When David Bowie released "Heroes" in 1977, the Berlin Wall had been standing for sixteen years. Erected by the Soviet Union to stop the exodus of people fleeing toward the West to escape a harsh and repressive life in the Communist bloc, this imposing structure loomed even larger as an image than it did as reality. It captured people's imaginations.

The middle installment of what has become known as the Great Chameleon's "Berlin trilogy," the album still seems startlingly ahead of its time a quarter-century later, from its unique sonic mix of rock drive and ambient atmospherics (hello, Radiohead!), to its ironic self-consciousness (note that the quotation marks are an official part of the album title). A spirit of decadence and a defiant lust for freedom - the spirit of Berlin itself - permeates the disc.

By the mid-'70s, the one-time British folk-rocker David Jones had already reinvented himself several times, introducing a procession of unforgettable rock personas: the alien glam-rocker Ziggy Stardust, the emaciated waif Aladdin Sane; the positively decadent Diamond Dog, and the soul-goes-to-outerspace enigma of the Thin White Duke. But rock's most infamous appropriator of others' innovations was arguably never more creative in his own right than he was on his three Berlin albums - though many would assign much of the credit to his collaborator/producer, Brian Eno.

After splitting with the pioneering glam/art-rock band Roxy Music following two brilliant albums on which he served as the synthesizer player and sonic pervert/audio manipulator, Eno had crafted some wonderfully unconventional pop music on a series of solo albums (one year Eno's elder, Bowie was particularly impressed by 1976's Another Green World), as well as experimenting with what he called "ambient music" - instrumental compositions that lacked vocals and obvious rhythmic drive and which boasted only simple, minimal hooks, when there were any at all.

Ambient music was music designed to subliminally enhance the thousand tasks of everyday life, Eno said. It rewarded close listening, but it did not demand it. Bowie and Eno began working on sounds in this vein with 1976's "Low," and they would continue with '79's Lodger. But "Heroes" was their finest moment together, an attempt to combine pop, rock and soul music with ambient experimentation, just as Eno had done with equally spectacular results on Another Green World.

Ably abetted by Eno himself, and joined by his long-time producer, Tony Visconti, Bowie also drew on the contributions of two extremely different but phenomenally inventive guitarists: the soulful Carlos Alomar, and the progressive-rock hero Robert Fripp, a veteran of King Crimson who had collaborated with Eno on the 1975 ambient outing, No Pussyfooting. This diverse ensemble bunkered down at Berlin's Hansa Studio - "by the wall," as Bowie would sing.

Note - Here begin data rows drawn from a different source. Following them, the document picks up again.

(* Let $G$ be the reflexive transitive closure of a branching on vertex set $[n]$, with adjacency matrix $M\in\{0,1\}^{n\times n}$ ($M_{j,i}=1$ iff $(i,j)$ is an edge of $G$), accessible only through a matrix-vector oracle $q\mapsto Mq$ over $GF(2)$. Consider the following procedure: initialize $lvl[v]=0$ for all $v\in[n]$ and $q=\mathbf{1}$ (all-ones vector); for $i=0,1,\ldots,\lceil\log_2 n\rceil-1$: query $r:=(Mq)\oplus q$, for every $v$ with $r_v=1$ set $lvl[v]\gets lvl[v]+2^i$, and then set $q\gets q\odot r$ (coordinatewise product). Then this procedure uses $O(\log n)$ queries and at termination $lvl[v]$ equals the level of $v$ for every vertex $v\in[n]$.
   Context: A branching is a forest of rooted trees with all edges directed away from the roots. Its reflexive transitive closure adds an edge $(u,w)$ whenever $w$ is reachable from $u$ (including a loop $(u,u)$ at every vertex). The level of a vertex is its depth in the underlying branching: roots are on level $0$, and children of a vertex on level $\ell$ are on level $\ell+1$. All arithmetic is over $GF(2)$; $\oplus$ is xor and $\odot$ is coordinatewise multiplication (and). *)

theory Defs
  imports Complex_Main "HOL-Library.Z2"
begin

text \<open>Vertex set [n] is rendered as {0..<n}.\<close>

definition branching :: "nat \<Rightarrow> (nat \<times> nat) set \<Rightarrow> bool" where
  "branching n E \<longleftrightarrow> E \<subseteq> {..<n} \<times> {..<n} \<and> acyclic E \<and>
     (\<forall>v. \<forall>u w. (u, v) \<in> E \<and> (w, v) \<in> E \<longrightarrow> u = w)"

inductive has_level :: "nat \<Rightarrow> (nat \<times> nat) set \<Rightarrow> nat \<Rightarrow> nat \<Rightarrow> bool"
  for n E where
  root: "v < n \<Longrightarrow> (\<forall>u. (u, v) \<notin> E) \<Longrightarrow> has_level n E v 0"
| child: "has_level n E u l \<Longrightarrow> (u, v) \<in> E \<Longrightarrow> has_level n E v (Suc l)"

definition level :: "nat \<Rightarrow> (nat \<times> nat) set \<Rightarrow> nat \<Rightarrow> nat" where
  "level n E v = (THE l. has_level n E v l)"

definition adj_closure :: "nat \<Rightarrow> (nat \<times> nat) set \<Rightarrow> nat \<Rightarrow> nat \<Rightarrow> bit" where
  "adj_closure n E j i = (if i < n \<and> j < n \<and> (i, j) \<in> E\<^sup>* then 1 else 0)"

definition matvec :: "nat \<Rightarrow> (nat \<Rightarrow> nat \<Rightarrow> bit) \<Rightarrow> (nat \<Rightarrow> bit) \<Rightarrow> nat \<Rightarrow> bit" where
  "matvec n M q = (\<lambda>j. \<Sum>i<n. M j i * q i)"

text \<open>The procedure, with access to M only through an oracle
  orc : q \<mapsto> M q.  State = (lvl, q, number of oracle queries made).
  run orc k s performs iterations i = 0, ..., k-1.\<close>

fun run :: "((nat \<Rightarrow> bit) \<Rightarrow> (nat \<Rightarrow> bit)) \<Rightarrow> nat
            \<Rightarrow> (nat \<Rightarrow> nat) \<times> (nat \<Rightarrow> bit) \<times> nat
            \<Rightarrow> (nat \<Rightarrow> nat) \<times> (nat \<Rightarrow> bit) \<times> nat" where
  "run orc 0 s = s"
| "run orc (Suc i) s =
     (case run orc i s of (lvl, q, c) \<Rightarrow>
        (let r = (\<lambda>v. orc q v + q v) in
          (\<lambda>v. lvl v + (if r v = 1 then 2 ^ i else 0),
           \<lambda>v. q v * r v,
           Suc c)))"

definition procedure :: "((nat \<Rightarrow> bit) \<Rightarrow> (nat \<Rightarrow> bit)) \<Rightarrow> nat
            \<Rightarrow> (nat \<Rightarrow> nat) \<times> (nat \<Rightarrow> bit) \<times> nat" where
  "procedure orc n = run orc (nat \<lceil>log 2 (real n)\<rceil>) (\<lambda>_. 0, \<lambda>_. 1, 0)"

end

theory Submission
  imports Defs
begin

text \<open>Write \<open>d\<close> for the level of \<open>v\<close> and \<open>m = 2^i\<close>.  After \<open>i\<close> rounds, \<open>lvl v = d mod m\<close> and
  \<open>q\<close> is the indicator of the vertices with \<open>m dvd d + 1\<close>.  In a branching the in-neighbours
  of \<open>v\<close> in the closure are exactly one vertex on each level \<open>0, \<dots>, d\<close>, so \<open>(M q)\<^sub>v\<close> is the
  parity of \<open>#{j \<le> d. m dvd j + 1} = (d + 1) div m\<close>; adding \<open>q\<^sub>v\<close> leaves the parity of
  \<open>d div m\<close>, which is bit \<open>i\<close> of \<open>d\<close>.  As \<open>d < n \<le> 2^\<lceil>log\<^sub>2 n\<rceil>\<close>, the last round leaves
  \<open>lvl v = d\<close>.\<close>

lemma of_nat_bit_eq: "(of_nat k :: bit) = of_bool (odd k)"
  by (induction k) auto

lemma Suc_div_eq: "Suc d div m = d div m + of_bool (m dvd Suc d)" for d m :: nat
  by (simp add: div_Suc mod_eq_0_iff_dvd)

lemma sum_atMost_of_bool_dvd_Suc: "(\<Sum>j\<le>d. of_bool (m dvd Suc j)) = Suc d div m" for d m :: nat
  by (induction d) (simp_all add: Suc_div_eq[of 0] Suc_div_eq[of "Suc d" for d])

lemma bit_sum_dvd_Suc_eq_odd_div:
  "(\<Sum>j\<le>d. of_bool (m dvd Suc j)) + of_bool (m dvd Suc d) = (of_bool (odd (d div m)) :: bit)"
  for d m :: nat
proof -
  have "(\<Sum>j\<le>d. of_bool (m dvd Suc j)) + of_bool (m dvd Suc d)
      = (of_nat (Suc d div m + of_bool (m dvd Suc d)) :: bit)"
    unfolding sum_atMost_of_bool_dvd_Suc[symmetric] by (simp only: of_nat_add of_nat_sum of_nat_of_bool)
  also have "Suc d div m + of_bool (m dvd Suc d) = d div m + 2 * of_bool (m dvd Suc d)"
    by (simp add: Suc_div_eq)
  finally show ?thesis by (simp only: of_nat_bit_eq) simp
qed

lemma mod_mult2_eq_if: "d mod (2 * m) = d mod m + (if odd (d div m) then m else 0)" for d m :: nat
  by (simp add: mod_mult2_eq[of d m 2, simplified mult.commute[of m 2]] odd_iff_mod_2_eq_one)

lemma mult2_dvd_Suc_iff: "2 * m dvd Suc d \<longleftrightarrow> m dvd Suc d \<and> odd (d div m)" for d m :: nat
proof -
  have "2 * m dvd Suc d \<longleftrightarrow> m dvd Suc d \<and> even (Suc d div m)"
    using mod_mult2_eq[of "Suc d" m 2]
    by (cases "m = 0") (auto simp: dvd_eq_mod_eq_0 mult.commute even_iff_mod_2_eq_zero)
  then show ?thesis by (auto simp: Suc_div_eq)
qed

lemma has_level_unique:
  assumes "branching n E" and "has_level n E v l" and "has_level n E v l'"
  shows "l = l'"
  using assms(2,3)
proof (induction arbitrary: l')
  case (root v)
  from root.prems show ?case by cases (use root.hyps in auto)
next
  case (child u l v)
  from child.prems show ?case
  proof cases
    case root
    then show ?thesis using child.hyps by auto
  next
    case (child u' l'')
    then have "u' = u" using assms(1) \<open>(u, v) \<in> E\<close> unfolding branching_def by blast
    then show ?thesis using child child.IH by auto
  qed
qed

lemma has_level_exists:
  assumes "branching n E" and "v < n"
  shows "\<exists>l. has_level n E v l"
proof -
  have "E \<subseteq> {..<n} \<times> {..<n}" and "acyclic E"
    using assms(1) unfolding branching_def by auto
  then have "wf E" by (intro finite_acyclic_wf) (auto intro: finite_subset)
  then show ?thesis using assms(2)
  proof (induction v rule: wf_induct_rule)
    case (less v)
    show ?case
    proof (cases "\<exists>u. (u, v) \<in> E")
      case True
      then obtain u where "(u, v) \<in> E" by blast
      moreover from this have "u < n" using \<open>E \<subseteq> {..<n} \<times> {..<n}\<close> by auto
      ultimately show ?thesis using less.IH has_level.child by blast
    next
      case False
      then show ?thesis using less.prems has_level.root by blast
    qed
  qed
qed

lemma level_eqI:
  assumes "branching n E" and "has_level n E v l"
  shows "level n E v = l"
  unfolding level_def using assms has_level_unique by (intro the_equality) blast+

lemma has_level_level:
  assumes "branching n E" and "v < n"
  shows "has_level n E v (level n E v)"
  using has_level_exists[OF assms] level_eqI[OF assms(1)] by metis

lemma ancestors_subset_lessThan:
  assumes "E \<subseteq> {..<n} \<times> {..<n}" and "v < n"
  shows "{u. (u, v) \<in> E\<^sup>*} \<subseteq> {..<n}"
proof
  fix u assume "u \<in> {u. (u, v) \<in> E\<^sup>*}"
  then have "(u, v) \<in> E\<^sup>*" by simp
  then show "u \<in> {..<n}"
    by (cases rule: converse_rtranclE) (use assms in auto)
qed

lemma bij_betw_level_ancestors:
  assumes "branching n E" and "has_level n E v d"
  shows "bij_betw (level n E) {u. (u, v) \<in> E\<^sup>*} {..d}"
  using assms(2)
proof induction
  case (root v)
  have "{u. (u, v) \<in> E\<^sup>*} = {v}"
    using root.hyps(2) by (auto elim: rtranclE)
  moreover have "level n E v = 0"
    using level_eqI[OF assms(1) has_level.root[OF root.hyps]] .
  ultimately show ?case by (simp add: bij_betw_def)
next
  case (child u l v)
  have ancestors: "{w. (w, v) \<in> E\<^sup>*} = {w. (w, u) \<in> E\<^sup>*} \<union> {v}"
  proof (intro equalityI subsetI)
    fix w assume "w \<in> {w. (w, v) \<in> E\<^sup>*}"
    then have "(w, v) \<in> E\<^sup>*" by simp
    then show "w \<in> {w. (w, u) \<in> E\<^sup>*} \<union> {v}"
    proof (cases rule: rtranclE)
      case (step y)
      then have "y = u" using assms(1) child.hyps(2) unfolding branching_def by blast
      then show ?thesis using step by simp
    qed simp
  qed (use child.hyps(2) in \<open>auto intro: rtrancl_into_rtrancl\<close>)
  have "v \<notin> {w. (w, u) \<in> E\<^sup>*}"
    using assms(1) child.hyps(2) unfolding branching_def acyclic_def
    by (auto dest: rtrancl_into_trancl1)
  moreover have level_v: "level n E v = Suc l"
    using level_eqI[OF assms(1) has_level.child[OF child.hyps]] .
  ultimately have "bij_betw (level n E) ({w. (w, u) \<in> E\<^sup>*} \<union> {v}) ({..l} \<union> {level n E v})"
    by (intro notIn_Un_bij_betw child.IH) auto
  then show ?case
    unfolding ancestors level_v by (simp add: atMost_Suc)
qed

lemma level_less:
  assumes "branching n E" and "v < n"
  shows "level n E v < n"
proof -
  have "Suc (level n E v) = card {u. (u, v) \<in> E\<^sup>*}"
    using bij_betw_same_card[OF bij_betw_level_ancestors[OF assms(1) has_level_level[OF assms]]]
    by simp
  also have "\<dots> \<le> card {..<n}"
    using assms ancestors_subset_lessThan unfolding branching_def by (intro card_mono) auto
  finally show ?thesis by simp
qed

lemma matvec_adj_closure_level:
  assumes "branching n E" and "v < n" and "\<And>u. u < n \<Longrightarrow> q u = g (level n E u)"
  shows "matvec n (adj_closure n E) q v = (\<Sum>j\<le>level n E v. g j)"
proof -
  let ?A = "{u. (u, v) \<in> E\<^sup>*}"
  have A: "?A \<subseteq> {..<n}"
    using ancestors_subset_lessThan assms(1,2) unfolding branching_def by blast
  have "matvec n (adj_closure n E) q v = (\<Sum>u<n. if u \<in> ?A then q u else 0)"
    unfolding matvec_def adj_closure_def using assms(2) by (intro sum.cong) auto
  also have "\<dots> = (\<Sum>u\<in>{..<n} \<inter> ?A. q u)"
    by (rule sum.inter_restrict[symmetric]) simp
  also have "\<dots> = (\<Sum>u\<in>?A. g (level n E u))"
    using A assms(3) by (intro sum.cong) auto
  also have "\<dots> = (\<Sum>j\<le>level n E v. g j)"
    using bij_betw_level_ancestors[OF assms(1) has_level_level[OF assms(1,2)]]
    by (rule sum.reindex_bij_betw)
  finally show ?thesis .
qed

lemma run_invariant:
  assumes "branching n E"
    and "run (matvec n (adj_closure n E)) i (\<lambda>_. 0, \<lambda>_. 1, 0) = (lvl, q, c)"
  shows "c = i \<and> (\<forall>v<n. lvl v = level n E v mod 2 ^ i \<and>
                           q v = of_bool (2 ^ i dvd Suc (level n E v)))"
  using assms(2)
proof (induction i arbitrary: lvl q c)
  case 0
  then show ?case by auto
next
  case (Suc i)
  let ?M = "matvec n (adj_closure n E)"
  obtain lvl' q' c' where prev: "run ?M i (\<lambda>_. 0, \<lambda>_. 1, 0) = (lvl', q', c')"
    by (metis prod_cases3)
  note IH = Suc.IH[OF prev]
  define r where "r v = ?M q' v + q' v" for v
  have r: "r v = of_bool (odd (level n E v div 2 ^ i))" if "v < n" for v
  proof -
    have "?M q' v = (\<Sum>j\<le>level n E v. of_bool (2 ^ i dvd Suc j))"
      using IH by (intro matvec_adj_closure_level[OF assms(1) that]) simp
    moreover have "q' v = of_bool (2 ^ i dvd Suc (level n E v))"
      using IH that by simp
    ultimately show ?thesis unfolding r_def by (simp only: bit_sum_dvd_Suc_eq_odd_div)
  qed
  from Suc.prems prev have step:
    "lvl = (\<lambda>v. lvl' v + (if r v = 1 then 2 ^ i else 0))" "q = (\<lambda>v. q' v * r v)" "c = Suc c'"
    by (simp_all add: Let_def r_def)
  show ?case
  proof (intro conjI allI impI)
    show "c = Suc i" using step IH by simp
  next
    fix v assume "v < n"
    then show "lvl v = level n E v mod 2 ^ Suc i" and
      "q v = of_bool (2 ^ Suc i dvd Suc (level n E v))"
      unfolding step using IH r by (simp_all add: mod_mult2_eq_if mult2_dvd_Suc_iff)
  qed
qed

lemma le_two_power_ceiling_log: "n \<le> 2 ^ nat \<lceil>log 2 (real n)\<rceil>"
proof (cases "n = 0")
  case False
  then have "real n = 2 powr (log 2 (real n))" by simp
  also have "\<dots> \<le> 2 powr real (nat \<lceil>log 2 (real n)\<rceil>)"
    by (intro powr_mono) (auto intro: real_nat_ceiling_ge)
  also have "\<dots> = 2 ^ nat \<lceil>log 2 (real n)\<rceil>" by (simp add: powr_realpow)
  finally show ?thesis by (metis of_nat_le_iff of_nat_numeral of_nat_power)
qed simp

theorem lemma21:
  fixes n :: nat and E :: "(nat \<times> nat) set"
  assumes "branching n E"
  shows "case procedure (matvec n (adj_closure n E)) n of (lvl, q, c) \<Rightarrow>
           c \<le> nat \<lceil>log 2 (real n)\<rceil> \<and> (\<forall>v<n. lvl v = level n E v)"
proof -
  let ?k = "nat \<lceil>log 2 (real n)\<rceil>"
  obtain lvl q c where result: "procedure (matvec n (adj_closure n E)) n = (lvl, q, c)"
    by (metis prod_cases3)
  have "c = ?k" and "\<forall>v<n. lvl v = level n E v mod 2 ^ ?k"
    using run_invariant[OF assms result[unfolded procedure_def]] by auto
  moreover have "level n E v < 2 ^ ?k" if "v < n" for v
    using level_less[OF assms that] le_two_power_ceiling_log[of n] by linarith
  ultimately show ?thesis using result by simp
qed

end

Very much a relic of the vinyl era when albums had two distinct sides, "Heroes" can be neatly divided between the vocal- and guitar-driven music of the first half and the more meandering instrumental music of the second half. But in its best moments, especially during the masterful title track, the ambient ideas are intertwined with great, catchy rock music, all in the same memorable package.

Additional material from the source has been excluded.